YOUR INSTRUCTIONS: Check each line below for "induction" and report how many have it, nothing else.

(Collected data entries)
***

lemma count_2_31_hop:
  "hoppable u x B v \<Longrightarrow> count_2_31 (u @ x # B @ v) = count_2_31 (u @ B @ x # v)"
proof (induction u)
  case Nil
  then show ?case
    using count_2_31_insert_after_lower[of B x v] straddling_descents_drop_lower_prefix[of B x v]
    by (simp add: hoppable_def)
next
  case (Cons a u)
  have "hoppable u x B v" using Cons.prems by (auto simp: hoppable_def)
  moreover have "straddling_descents a (u @ x # B @ v) = straddling_descents a (u @ B @ x # v)"
    using Cons.prems by (intro straddling_descents_hop) (auto simp: hoppable_def)
  ultimately show ?case using Cons.IH by simp
qed

definition straddle_positions :: "'a::linorder \<Rightarrow> 'a list \<Rightarrow> nat set" where
  "straddle_positions y ws = {j. Suc j < length ws \<and> ws ! Suc j < y \<and> y < ws ! j}"

definition occs_2_31 :: "'a::linorder list \<Rightarrow> (nat \<times> nat) set" where
  "occs_2_31 xs = {(i, j). i < j \<and> Suc j < length xs \<and> xs ! Suc j < xs ! i \<and> xs ! i < xs ! j}"

lemma finite_straddle_positions: "finite (straddle_positions y ws)"
  by (rule finite_subset[of _ "{..<length ws}"]) (auto simp: straddle_positions_def)

lemma finite_occs_2_31: "finite (occs_2_31 xs)"
  by (rule finite_subset[of _ "{..<length xs} \<times> {..<length xs}"]) (auto simp: occs_2_31_def)

lemma straddle_positions_Cons_Cons:
  "straddle_positions y (a # b # r) =
     (if b < y \<and> y < a then {0} else {}) \<union> Suc ` straddle_positions y (b # r)"
proof (intro equalityI subsetI)
  fix j assume "j \<in> straddle_positions y (a # b # r)"
  then show "j \<in> (if b < y \<and> y < a then {0} else {}) \<union> Suc ` straddle_positions y (b # r)"
    by (cases j) (auto simp: straddle_positions_def)
qed (auto simp: straddle_positions_def split: if_splits)

lemma card_straddle_positions: "card (straddle_positions y ws) = straddling_descents y ws"
proof (induction y ws rule: straddling_descents.induct)
  case (1 y a b r)
  then show ?case
    by (simp add: straddle_positions_Cons_Cons card_image finite_straddle_positions)
qed (simp_all add: straddle_positions_def)
lemma poly_shift_zero_seq [simp]: "poly_shift F (\<lambda>_. 0) l = 0"
  by (simp add: poly_shift_def)

lemma poly_shift_add: "poly_shift (F + G) b l = poly_shift F b l + poly_shift G b l"
proof -
  let ?N = "max (degree F) (degree G)"
  have "poly_shift (F + G) b l = (\<Sum>i\<le>?N. coeff (F + G) i * b (l + int i))"
    by (rule poly_shift_conv_sum) (simp add: degree_add_le)
  also have "\<dots> = (\<Sum>i\<le>?N. coeff F i * b (l + int i)) + (\<Sum>i\<le>?N. coeff G i * b (l + int i))"
    by (simp add: distrib_right sum.distrib)
  finally show ?thesis by (simp add: poly_shift_conv_sum[symmetric])
qed

lemma poly_shift_smult: "poly_shift (smult c F) b l = c * poly_shift F b l"
proof -
  have "poly_shift (smult c F) b l = (\<Sum>i\<le>degree F. coeff (smult c F) i * b (l + int i))"
    by (rule poly_shift_conv_sum) (simp add: degree_smult_le)
  then show ?thesis by (simp add: poly_shift_def sum_distrib_left mult.assoc)
qed

lemma poly_shift_diff: "poly_shift (F - G) b l = poly_shift F b l - poly_shift G b l"
  using poly_shift_add[of F "- G" b l] poly_shift_smult[of "- 1" G b l] by simp

lemma poly_shift_mult: "poly_shift (F * G) b l = poly_shift F (poly_shift G b) l"
proof (induction F arbitrary: l rule: pCons_induct)
  case (pCons c F)
  have "pCons c F * G = smult c G + pCons 0 (F * G)" by (simp add: mult_pCons_left)
  then show ?case using pCons by (simp add: poly_shift_add poly_shift_smult poly_shift_pCons)
qed simp

lemma poly_shift_seq_diff: "poly_shift F (\<lambda>j. u j - v j) l = poly_shift F u l - poly_shift F v l"
  by (simp add: poly_shift_def algebra_simps sum_subtractf)

lemma poly_shift_cong:
  "(\<And>i. i \<le> degree F \<Longrightarrow> u (l + int i) = v (l + int i)) \<Longrightarrow> poly_shift F u l = poly_shift F v l"
  unfolding poly_shift_def by (rule sum.cong) auto

lemma poly_shift_split_last:
  "poly_shift F b l = (\<Sum>i<degree F. coeff F i * b (l + int i)) + lead_coeff F * b (l + int (degree F))"
  by (simp add: poly_shift_def lessThan_Suc_atMost[symmetric])

lemma poly_shift_split_first:
  "poly_shift F b l = coeff F 0 * b l + (\<Sum>i\<in>{1..degree F}. coeff F i * b (l + int i))"
proof -
  have "{..degree F} = insert 0 {1..degree F}" by auto
  then show ?thesis by (simp add: poly_shift_def)
qed

lemma annihilates_poly_shift:
  assumes "annihilates C b" shows "annihilates C (poly_shift F b)"
  unfolding annihilates_def
proof
  fix l
  have "poly_shift C (poly_shift F b) l = poly_shift F (poly_shift C b) l"
    by (simp flip: poly_shift_mult add: mult.commute)
  also have "poly_shift C b = (\<lambda>_. 0)" using assms by (auto simp: annihilates_def)
  finally show "poly_shift C (poly_shift F b) l = 0" by simp
qed

lemma annihilates_seq_diff:
  "annihilates C u \<Longrightarrow> annihilates C v \<Longrightarrow> annihilates C (\<lambda>j. u j - v j)"
  by (simp add: annihilates_def poly_shift_seq_diff)

lemma recurrent_window_vanishing:
  assumes monic: "lead_coeff C = 1"
    and rec: "\<And>l. Q \<le> l \<Longrightarrow> l + int (degree C) \<le> R \<Longrightarrow> poly_shift C u l = 0"
    and init: "\<And>j. Q \<le> j \<Longrightarrow> j < Q + int (degree C) \<Longrightarrow> u j = 0"
    and j: "Q \<le> j" "j \<le> R"
  shows "u j = 0"
proof -
  obtain k where k: "j = Q + int k" using j(1) zle_iff_zadd by blast
  show ?thesis using j(2) unfolding k
  proof (induction k rule: less_induct)
    case (less k)
    show ?case
    proof (cases "k < degree C")
      case True
      then show ?thesis by (intro init) auto
    next
      case False
      define l where "l = Q + int k - int (degree C)"
      have "u (l + int i) = 0" if "i < degree C" for i
        using less.IH[of "k - degree C + i"] less.prems that False by (simp add: l_def algebra_simps)
      then have "(\<Sum>i<degree C. coeff C i * u (l + int i)) = 0" by simp
      moreover have "poly_shift C u l = 0" using rec less.prems False by (simp add: l_def)
      ultimately show ?thesis using monic by (simp add: poly_shift_split_last l_def)
    qed
  qed
qed

lemma annihilated_seq_vanishing_before:
  fixes C :: "'a::idom poly"
  assumes c0: "coeff C 0 \<noteq> 0" and rec: "annihilates C u"
    and init: "\<And>j. c \<le> j \<Longrightarrow> j < c + int (degree C) \<Longrightarrow> u j = 0"
    and j: "j < c + int (degree C)"
  shows "u j = 0"
proof -
  obtain k where k: "j = c + int (degree C) - 1 - int k" using j
    by (metis add_diff_cancel_left' diff_diff_eq2 zle_iff_zadd zle_diff1_eq)
  show ?thesis unfolding k
  proof (induction k rule: less_induct)
    case (less k)
    show ?case
    proof (cases "k < degree C")
      case True
      then show ?thesis by (intro init) auto
    next
      case False
      define l where "l = c + int (degree C) - 1 - int k"
      have "u (l + int i) = 0" if "i \<in> {1..degree C}" for i
        using less.IH[of "k - i"] that False by (simp add: l_def algebra_simps)
      then have "(\<Sum>i\<in>{1..degree C}. coeff C i * u (l + int i)) = 0" by simp
      moreover have "poly_shift C u l = 0" using rec by (simp add: annihilates_def)
      ultimately show ?thesis using c0 by (simp add: poly_shift_split_first l_def)
    qed
  qed
qed

lemma annihilated_seq_eq_zero:
  fixes C :: "'a::idom poly"
  assumes monic: "lead_coeff C = 1" and c0: "coeff C 0 \<noteq> 0" and rec: "annihilates C u"
    and init: "\<And>j. c \<le> j \<Longrightarrow> j < c + int (degree C) \<Longrightarrow> u j = 0"
  shows "u j = 0"
proof (cases "c \<le> j")
  case True
  show ?thesis
    by (rule recurrent_window_vanishing[OF monic _ init True order.refl])
      (use rec in \<open>simp add: annihilates_def\<close>)
next
  case False
  show ?thesis
    by (rule annihilated_seq_vanishing_before[where c = c, OF c0 rec init]) (use False in auto)
qed
(* Let all hypotheses of the following setting hold: $(\Omega,\mathcal{F},P)$ is a probability space, $(\mathcal{F}_n)_{n\ge1}$ an increasing sequence of sub-$\sigma$-algebras of $\mathcal{F}$; $X_n$ are $\mathcal{F}_n$-measurable real random variables, $T_n$ are $\mathcal{F}_n$-measurable real random variables, $W_n$ are $\mathcal{F}_{n+1}$-measurable real random variables with $X_{n+1}=T_n+W_n$, $\mathbb{E}[W_n\mid\mathcal{F}_n]=0$ a.s., and $\sum_{n}\mathbb{E}[W_n^2]<\infty$; $\alpha_n,\beta_n,\gamma_n:\Omega\to\mathbb{R}$ are nonnegative functions such that almost surely $\alpha_n\to0$, $\sum_n\beta_n<\infty$ and $\sum_n\gamma_n=\infty$. Suppose that for some $x_*\in\mathbb{R}$, for all $n\ge1$ and all $\omega\in\Omega$, $$|T_n(\omega)-x_*|\le\max\big(\alpha_n(\omega),\,(1+\beta_n(\omega)-\gamma_n(\omega))|X_n(\omega)-x_*|\big).$$ Then $X_n\to x_*$ almost surely.
   Context: $\mathbb{E}[\,\cdot\mid\mathcal{F}_n]$ denotes conditional expectation with respect to $\mathcal{F}_n$. *)

theory Defs
  imports "HOL-Probability.Probability"
begin

end

theory Submission
  imports Defs
begin
(* Let $q$ be a prime power, let $R$ be a finite local ring containing the field $\mathbb{F}_q$ as a subring, let $R^*$ be its set of units, $\delta=\dim_{\mathbb{F}_q}(R\setminus R^* )$, and let $F=R/(R\setminus R^* )$ (a field containing $\mathbb{F}_q$ via the quotient map). If the chain geometry $\Sigma(\mathbb{F}_q,F)$ contains a blocking set of size $x$, then $\Sigma(\mathbb{F}_q,R)$ contains a blocking set of size $xq^{\delta}$.
   Context: All rings are associative with unit element $1\neq 0$, and subrings share the unit. For a ring $S$, $S^2$ is regarded as a left $S$-module and the projective line $\mathbb{P}(S)$ is the set of all submodules of $S^2$ of the form $S(a,b)$ where $(a\ b)$ is the first row of some invertible $2\times 2$ matrix over $S$. For a field $K\subseteq S$ (as a subring), $\mathbb{P}(K)$ is embedded in $\mathbb{P}(S)$ via $K(a,b)\mapsto S(a,b)$. The chain geometry $\Sigma(K,S)$ has point set $\mathbb{P}(S)$ and its blocks, called chains, are the sets $\mathbb{P}(K)^g$ with $g\in\mathrm{GL}_2(S)$. A blocking set is a set $B$ of points such that every chain contains at least one element of $B$. *)

theory Defs
  imports "HOL-Algebra.Algebra" "HOL-Computational_Algebra.Primes"
begin

definition local_ring :: "('a, 'b) ring_scheme \<Rightarrow> bool" where
  "local_ring R \<longleftrightarrow> ring R \<and> \<one>\<^bsub>R\<^esub> \<noteq> \<zero>\<^bsub>R\<^esub> \<and>
     ideal (carrier R - Units R) R"

definition invertible2 :: "('a, 'b) ring_scheme \<Rightarrow> 'a set \<Rightarrow> 'a \<Rightarrow> 'a \<Rightarrow> 'a \<Rightarrow> 'a \<Rightarrow> bool" where
  "invertible2 S A a b c d \<longleftrightarrow> a \<in> A \<and> b \<in> A \<and> c \<in> A \<and> d \<in> A \<and>
     (\<exists>a' \<in> A. \<exists>b' \<in> A. \<exists>c' \<in> A. \<exists>d' \<in> A.
        a \<otimes>\<^bsub>S\<^esub> a' \<oplus>\<^bsub>S\<^esub> b \<otimes>\<^bsub>S\<^esub> c' = \<one>\<^bsub>S\<^esub> \<and>
        a \<otimes>\<^bsub>S\<^esub> b' \<oplus>\<^bsub>S\<^esub> b \<otimes>\<^bsub>S\<^esub> d' = \<zero>\<^bsub>S\<^esub> \<and>
        c \<otimes>\<^bsub>S\<^esub> a' \<oplus>\<^bsub>S\<^esub> d \<otimes>\<^bsub>S\<^esub> c' = \<zero>\<^bsub>S\<^esub> \<and>
        c \<otimes>\<^bsub>S\<^esub> b' \<oplus>\<^bsub>S\<^esub> d \<otimes>\<^bsub>S\<^esub> d' = \<one>\<^bsub>S\<^esub> \<and>
        a' \<otimes>\<^bsub>S\<^esub> a \<oplus>\<^bsub>S\<^esub> b' \<otimes>\<^bsub>S\<^esub> c = \<one>\<^bsub>S\<^esub> \<and>
        a' \<otimes>\<^bsub>S\<^esub> b \<oplus>\<^bsub>S\<^esub> b' \<otimes>\<^bsub>S\<^esub> d = \<zero>\<^bsub>S\<^esub> \<and>
        c' \<otimes>\<^bsub>S\<^esub> a \<oplus>\<^bsub>S\<^esub> d' \<otimes>\<^bsub>S\<^esub> c = \<zero>\<^bsub>S\<^esub> \<and>
        c' \<otimes>\<^bsub>S\<^esub> b \<oplus>\<^bsub>S\<^esub> d' \<otimes>\<^bsub>S\<^esub> d = \<one>\<^bsub>S\<^esub>)"

definition admissible :: "('a, 'b) ring_scheme \<Rightarrow> 'a set \<Rightarrow> 'a \<Rightarrow> 'a \<Rightarrow> bool" where
  "admissible S A a b \<longleftrightarrow> (\<exists>c d. invertible2 S A a b c d)"

definition lspan :: "('a, 'b) ring_scheme \<Rightarrow> 'a \<Rightarrow> 'a \<Rightarrow> ('a \<times> 'a) set" where
  "lspan S a b = {(s \<otimes>\<^bsub>S\<^esub> a, s \<otimes>\<^bsub>S\<^esub> b) | s. s \<in> carrier S}"

definition proj_line :: "('a, 'b) ring_scheme \<Rightarrow> ('a \<times> 'a) set set" where
  "proj_line S = {lspan S a b | a b. admissible S (carrier S) a b}"

definition GL2 :: "('a, 'b) ring_scheme \<Rightarrow> ('a \<times> 'a \<times> 'a \<times> 'a) set" where
  "GL2 S = {(g11, g12, g21, g22) | g11 g12 g21 g22. invertible2 S (carrier S) g11 g12 g21 g22}"

text \<open>The image P(K)^g of the embedded projective line P(K) under g (acting on
  row vectors from the right): S(a,b) with K(a,b) in P(K) goes to S((a,b)g).\<close>
definition chain_of :: "('a, 'b) ring_scheme \<Rightarrow> 'a set \<Rightarrow> ('a \<times> 'a \<times> 'a \<times> 'a) \<Rightarrow> ('a \<times> 'a) set set" where
  "chain_of S K g = (case g of (g11, g12, g21, g22) \<Rightarrow>
     {lspan S (a \<otimes>\<^bsub>S\<^esub> g11 \<oplus>\<^bsub>S\<^esub> b \<otimes>\<^bsub>S\<^esub> g21) (a \<otimes>\<^bsub>S\<^esub> g12 \<oplus>\<^bsub>S\<^esub> b \<otimes>\<^bsub>S\<^esub> g22)
       | a b. admissible S K a b})"

definition chains :: "('a, 'b) ring_scheme \<Rightarrow> 'a set \<Rightarrow> ('a \<times> 'a) set set set" where
  "chains S K = chain_of S K ` GL2 S"

definition blocking_set :: "('a, 'b) ring_scheme \<Rightarrow> 'a set \<Rightarrow> ('a \<times> 'a) set set \<Rightarrow> bool" where
  "blocking_set S K B \<longleftrightarrow> B \<subseteq> proj_line S \<and> (\<forall>C \<in> chains S K. C \<inter> B \<noteq> {})"

definition prime_power :: "nat \<Rightarrow> bool" where
  "prime_power q \<longleftrightarrow> (\<exists>p n. Factorial_Ring.prime (p::nat) \<and> n > 0 \<and> q = p ^ n)"

end
definition ss_point :: "(nat \<Rightarrow> real) \<Rightarrow> real \<Rightarrow> real \<Rightarrow> species \<Rightarrow> real" where
  "ss_point k e p s = (case s of
      EnvZ_ADP \<Rightarrow> ss_ADP k e
    | EnvZ \<Rightarrow> e
    | EnvZ_ATP \<Rightarrow> ss_ATP k e
    | EnvZ_P \<Rightarrow> p
    | OmpR \<Rightarrow> ss_OmpR k e p
    | OmpR_P \<Rightarrow> ss_OmpR_P k e
    | EnvZ_P_OmpR \<Rightarrow> ss_P_OmpR k e
    | EnvZ_ATP_OmpR_P \<Rightarrow> ss_ATP_OmpR_P k e
    | EnvZ_ADP_OmpR_P \<Rightarrow> ss_ADP_OmpR_P k e)"

text \<open>The asymptotic value of [OmpR-P] for large [EnvZ], the claimed supremum.\<close>
definition OmpR_P_sup :: "(nat \<Rightarrow> real) \<Rightarrow> real" where
  "OmpR_P_sup k = k 3 * k 5 / ((k 4 + k 5) * gamma k)"

locale positive_rates =
  fixes k :: "nat \<Rightarrow> real"
  assumes rates_pos: "\<forall>i\<in>{1..16}. k i > 0"
begin

lemma k_pos:
  "k 1 > 0" "k 2 > 0" "k 3 > 0" "k 4 > 0" "k 5 > 0" "k 6 > 0" "k 7 > 0" "k 8 > 0"
  "k 9 > 0" "k 10 > 0" "k 11 > 0" "k 12 > 0" "k 13 > 0" "k 14 > 0" "k 15 > 0" "k 16 > 0"
  using rates_pos by auto

lemma gamma_pos: "gamma k > 0"
  using k_pos unfolding gamma_def by (intro add_pos_pos mult_pos_pos divide_pos_pos) auto

lemma saturation_denominator_pos: "e \<ge> 0 \<Longrightarrow> gamma k * e + k 16 > 0"
  using gamma_pos k_pos(16) by (simp add: add_nonneg_pos)

lemma OmpR_P_sup_pos: "OmpR_P_sup k > 0"
  using k_pos gamma_pos unfolding OmpR_P_sup_def by simp
(* Let $n=2m$ with $m$ a positive integer, and let $\mathbf{x}_n=(1,\dots,1)\in\mathbb{R}^n$. Then $$E(\mathbf{x}_n)\le m(1+\ln m),$$ where $E$ is as defined in the context.
   Context: For $\mathbf{x}=(x_1,\dots,x_n)\in(0,\infty)^n$, let $\mathcal{C}(\mathbf{x})$ be the configuration of $n+1$ points $P_1<\dots<P_{n+1}$ on $\mathbb{R}$ with $P_1=0$ and $P_{i+1}=P_i+x_i$, where $P_i$ is red if $i$ is odd and blue if $i$ is even. A matching $\mathcal{M}$ of this configuration is produced by the algorithm which repeatedly selects, among all pairs consisting of an unmatched blue point and an unmatched red point, a pair at minimum distance and matches them, until no further matching is possible; ties are broken at random. $D(\mathbf{x})$ is the expected value of $\sum_{P\text{ blue}}|P-\mathcal{M}(P)|$ with respect to the randomness of the algorithm. For a permutation $\pi$ of $\{1,\dots,n\}$ write $\pi(\mathbf{x})=(x_{\pi(1)},\dots,x_{\pi(n)})$, and $E(\mathbf{x})=\frac{1}{n!}\sum_\pi D(\pi(\mathbf{x}))$. *)

theory Defs
  imports "HOL-Combinatorics.Permutations" Complex_Main
begin

text \<open>Position of point P_i (i = 1..n+1): P_1 = 0, P_(i+1) = P_i + x_i.
  The vector x is a function indexed by 1..n.\<close>
definition pos :: "(nat \<Rightarrow> real) \<Rightarrow> nat \<Rightarrow> real" where
  "pos x i = (\<Sum>j\<in>{1..<i}. x j)"

text \<open>Expected cost of the random greedy matching, starting from the sets B of
  unmatched blue indices and R of unmatched red indices, with point positions P.
  At each step a pair at minimum distance is chosen uniformly at random among all
  minimum-distance pairs. The first argument is fuel (each step removes one blue point).\<close>
primrec greedy_exp :: "(nat \<Rightarrow> real) \<Rightarrow> nat \<Rightarrow> nat set \<Rightarrow> nat set \<Rightarrow> real" where
  "greedy_exp P 0 B R = 0"
| "greedy_exp P (Suc k) B R =
     (if B = {} \<or> R = {} then 0
      else (let d = Min {\<bar>P b - P r\<bar> | b r. b \<in> B \<and> r \<in> R};
                T = {(b, r). b \<in> B \<and> r \<in> R \<and> \<bar>P b - P r\<bar> = d}
            in (\<Sum>(b, r)\<in>T. d + greedy_exp P k (B - {b}) (R - {r})) / real (card T)))"

text \<open>D(x) for x = (x_1,...,x_n): points P_1..P_(n+1), red if index odd, blue if even.\<close>
definition Dcost :: "nat \<Rightarrow> (nat \<Rightarrow> real) \<Rightarrow> real" where
  "Dcost n x = greedy_exp (pos x) (Suc n) {i \<in> {1..Suc n}. even i} {i \<in> {1..Suc n}. odd i}"
lemma gal_uniformizer: "gal s \<pi> = \<pi> * geom_poly s"
proof -
  have "gal s \<pi> = 1 - monom 1 s"
    by (simp add: uniformizer_def gal_diff gal_1 gal_monom)
  then show ?thesis by (simp only: one_minus_monom_eq)
qed

lemma pi_quot_unique:
  assumes f: "f = [:c:] + \<pi> * h"
  shows "h = pi_quot f"
proof -
  have c: "c = poly f 1"
    using arg_cong[OF f, of "\<lambda>g. poly g 1"] by (simp add: poly_uniformizer_1)
  have "[:c:] + \<pi> * h = f" by (rule f[symmetric])
  also have "f = [:c:] + \<pi> * pi_quot f" by (rule pi_quot_eq[of f, folded c])
  finally have "\<pi> * h = \<pi> * pi_quot f" by (rule add_left_imp_eq)
  then show ?thesis using uniformizer_nonzero by simp
qed

lemma pi_quot_add: "pi_quot (f + g) = pi_quot f + pi_quot g"
proof (rule pi_quot_unique[symmetric])
  have "f + g = ([:poly f 1:] + \<pi> * pi_quot f) + ([:poly g 1:] + \<pi> * pi_quot g)"
    using pi_quot_eq[of f] pi_quot_eq[of g] by (rule arg_cong2[where f = "(+)"])
  then show "f + g = [:poly f 1 + poly g 1:] + \<pi> * (pi_quot f + pi_quot g)"
    by (simp add: algebra_simps)
qed

lemma pi_quot_smult: "pi_quot (smult c f) = smult c (pi_quot f)"
proof (rule pi_quot_unique[symmetric])
  have "smult c f = smult c ([:poly f 1:] + \<pi> * pi_quot f)"
    using pi_quot_eq[of f] by (rule arg_cong)
  then show "smult c f = [:c * poly f 1:] + \<pi> * smult c (pi_quot f)"
    by (simp add: smult_add_right)
qed

lemma pi_quot_sum: "pi_quot (\<Sum>x\<in>A. f x) = (\<Sum>x\<in>A. pi_quot (f x))"
  by (induction A rule: infinite_finite_induct) (simp_all add: pi_quot_add pi_quot_def[of 0])

lemma pi_quot_diff: "pi_quot (f - g) = pi_quot f - pi_quot g"
  using pi_quot_add[of "f - g" g] by simp

definition gal_quot :: "nat \<Rightarrow> int poly \<Rightarrow> int poly" where
  "gal_quot s f = pi_quot (gal s f - f)"

lemma gal_eq: "gal s f = f + \<pi> * gal_quot s f"
proof -
  have "poly (gal s f - f) 1 = 0" by (simp add: gal_def poly_pcompose poly_monom)
  then have "gal s f - f = \<pi> * gal_quot s f"
    using pi_quot_eq[of "gal s f - f"] by (simp add: gal_quot_def)
  then show ?thesis by (simp add: diff_eq_eq add.commute)
qed

lemma gal_quot_sum_smult:
  "gal_quot s (\<Sum>k\<in>A. smult (c k) (f k)) = (\<Sum>k\<in>A. smult (c k) (gal_quot s (f k)))"
  by (simp add: gal_quot_def gal_sum gal_smult pi_quot_sum pi_quot_smult pi_quot_diff
      sum_subtractf[symmetric] smult_diff_right[symmetric])

section \<open>The polynomial shape of \<open>\<vartheta>\<close>\<close>

definition wedge_gal :: "nat \<Rightarrow> nat \<Rightarrow> int poly \<Rightarrow> int poly \<Rightarrow> int poly" where
  "wedge_gal s t f g = gal s f * gal t g - gal t f * gal s g"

***

EXERCISE ANSWER: 6